» Raw data
lemma quot_bij_right:
  assumes x: "x \<in> Q"
  shows "bij_betw (\<lambda>Y. quot_mult Q m N Y (lcoset m x N)) (quot_carrier Q m N) (quot_carrier Q m N)"
  unfolding quot_carrier_eq
proof (rule bij_betw_induced[OF bij_right[OF x]])
  fix y z assume yz: "y \<in> Q" "z \<in> Q" "lcoset m (m y x) N = lcoset m (m z x) N"
  then obtain n where n: "n \<in> N" "m z x = m (m y x) n"
    using yz(3) unfolding lcoset_eq_iff[OF mult_closed[OF yz(1) x] mult_closed[OF yz(2) x]] by blast
  then have "m z x = m (m y n) x"
    using central_swap[OF central_N[OF n(1)] yz(1) x] by simp
  then have "z = m y n"
    by (rule right_cancel[OF x yz(2) mult_closed[OF yz(1) central_closed[OF central_N[OF n(1)]]]])
  then show "lcoset m y N = lcoset m z N" using lcoset_eq_iff[OF yz(1,2)] n(1) by blast
next
  fix y assume "y \<in> Q"
  then show "quot_mult Q m N (lcoset m y N) (lcoset m x N) = lcoset m (m y x) N"
    by (rule quot_mult_lcoset[OF _ x])
qed

lemma loop_quot: "loop (quot_carrier Q m N) (quot_mult Q m N) N"
  unfolding loop_def
proof (intro conjI ballI)
  show "N \<in> quot_carrier Q m N"
    unfolding quot_carrier_eq using lcoset_unit unit_closed by (metis image_eqI)
next
  fix X Y assume "X \<in> quot_carrier Q m N" "Y \<in> quot_carrier Q m N"
  then show "quot_mult Q m N X Y \<in> quot_carrier Q m N"
    unfolding quot_carrier_eq using quot_mult_lcoset mult_closed by auto
next
  fix X assume "X \<in> quot_carrier Q m N"
  then obtain x where x: "x \<in> Q" "X = lcoset m x N" unfolding quot_carrier_eq by auto
  show "quot_mult Q m N N X = X" "quot_mult Q m N X N = X"
    using quot_mult_lcoset[OF unit_closed x(1)] quot_mult_lcoset[OF x(1) unit_closed]
    by (simp_all add: lcoset_unit x left_unit right_unit)
  show "bij_betw (quot_mult Q m N X) (quot_carrier Q m N) (quot_carrier Q m N)"
    "bij_betw (\<lambda>Y. quot_mult Q m N Y X) (quot_carrier Q m N) (quot_carrier Q m N)"
    using quot_bij_left[OF x(1)] quot_bij_right[OF x(1)] x(2) by simp_all
qed

end

context loop_struct
begin

lemma central_unit: "is_central Q m e"
  unfolding is_central_def using unit_closed left_unit right_unit mult_closed by simp

lemma central_subloop_center: "central_subloop Q m e {u. is_central Q m u}"
proof
  fix n k assume n: "n \<in> {u. is_central Q m u}" and k: "k \<in> {u. is_central Q m u}"
  show "m n k \<in> {u. is_central Q m u}" using central_mult n k by simp
  obtain j where "is_central Q m j" "m n j = k" using central_ldiv n k by auto
  then show "\<exists>j\<in>{u. is_central Q m u}. m n j = k" by blast
qed (simp_all add: central_unit)

lemma central_subloop_unit: "central_subloop Q m e {e}"
  by unfold_locales (simp_all add: central_unit left_unit unit_closed)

» Task statement
Return the whole listing, keeping every line exactly as it is.

» Solution below
lemma quot_bij_right:
  assumes x: "x \<in> Q"
  shows "bij_betw (\<lambda>Y. quot_mult Q m N Y (lcoset m x N)) (quot_carrier Q m N) (quot_carrier Q m N)"
  unfolding quot_carrier_eq
proof (rule bij_betw_induced[OF bij_right[OF x]])
  fix y z assume yz: "y \<in> Q" "z \<in> Q" "lcoset m (m y x) N = lcoset m (m z x) N"
  then obtain n where n: "n \<in> N" "m z x = m (m y x) n"
    using yz(3) unfolding lcoset_eq_iff[OF mult_closed[OF yz(1) x] mult_closed[OF yz(2) x]] by blast
  then have "m z x = m (m y n) x"
    using central_swap[OF central_N[OF n(1)] yz(1) x] by simp
  then have "z = m y n"
    by (rule right_cancel[OF x yz(2) mult_closed[OF yz(1) central_closed[OF central_N[OF n(1)]]]])
  then show "lcoset m y N = lcoset m z N" using lcoset_eq_iff[OF yz(1,2)] n(1) by blast
next
  fix y assume "y \<in> Q"
  then show "quot_mult Q m N (lcoset m y N) (lcoset m x N) = lcoset m (m y x) N"
    by (rule quot_mult_lcoset[OF _ x])
qed

lemma loop_quot: "loop (quot_carrier Q m N) (quot_mult Q m N) N"
  unfolding loop_def
proof (intro conjI ballI)
  show "N \<in> quot_carrier Q m N"
    unfolding quot_carrier_eq using lcoset_unit unit_closed by (metis image_eqI)
next
  fix X Y assume "X \<in> quot_carrier Q m N" "Y \<in> quot_carrier Q m N"
  then show "quot_mult Q m N X Y \<in> quot_carrier Q m N"
    unfolding quot_carrier_eq using quot_mult_lcoset mult_closed by auto
next
  fix X assume "X \<in> quot_carrier Q m N"
  then obtain x where x: "x \<in> Q" "X = lcoset m x N" unfolding quot_carrier_eq by auto
  show "quot_mult Q m N N X = X" "quot_mult Q m N X N = X"
    using quot_mult_lcoset[OF unit_closed x(1)] quot_mult_lcoset[OF x(1) unit_closed]
    by (simp_all add: lcoset_unit x left_unit right_unit)
  show "bij_betw (quot_mult Q m N X) (quot_carrier Q m N) (quot_carrier Q m N)"
    "bij_betw (\<lambda>Y. quot_mult Q m N Y X) (quot_carrier Q m N) (quot_carrier Q m N)"
    using quot_bij_left[OF x(1)] quot_bij_right[OF x(1)] x(2) by simp_all
qed

end

context loop_struct
begin

lemma central_unit: "is_central Q m e"
  unfolding is_central_def using unit_closed left_unit right_unit mult_closed by simp

lemma central_subloop_center: "central_subloop Q m e {u. is_central Q m u}"
proof
  fix n k assume n: "n \<in> {u. is_central Q m u}" and k: "k \<in> {u. is_central Q m u}"
  show "m n k \<in> {u. is_central Q m u}" using central_mult n k by simp
  obtain j where "is_central Q m j" "m n j = k" using central_ldiv n k by auto
  then show "\<exists>j\<in>{u. is_central Q m u}. m n j = k" by blast
qed (simp_all add: central_unit)

lemma central_subloop_unit: "central_subloop Q m e {e}"
  by unfold_locales (simp_all add: central_unit left_unit unit_closed)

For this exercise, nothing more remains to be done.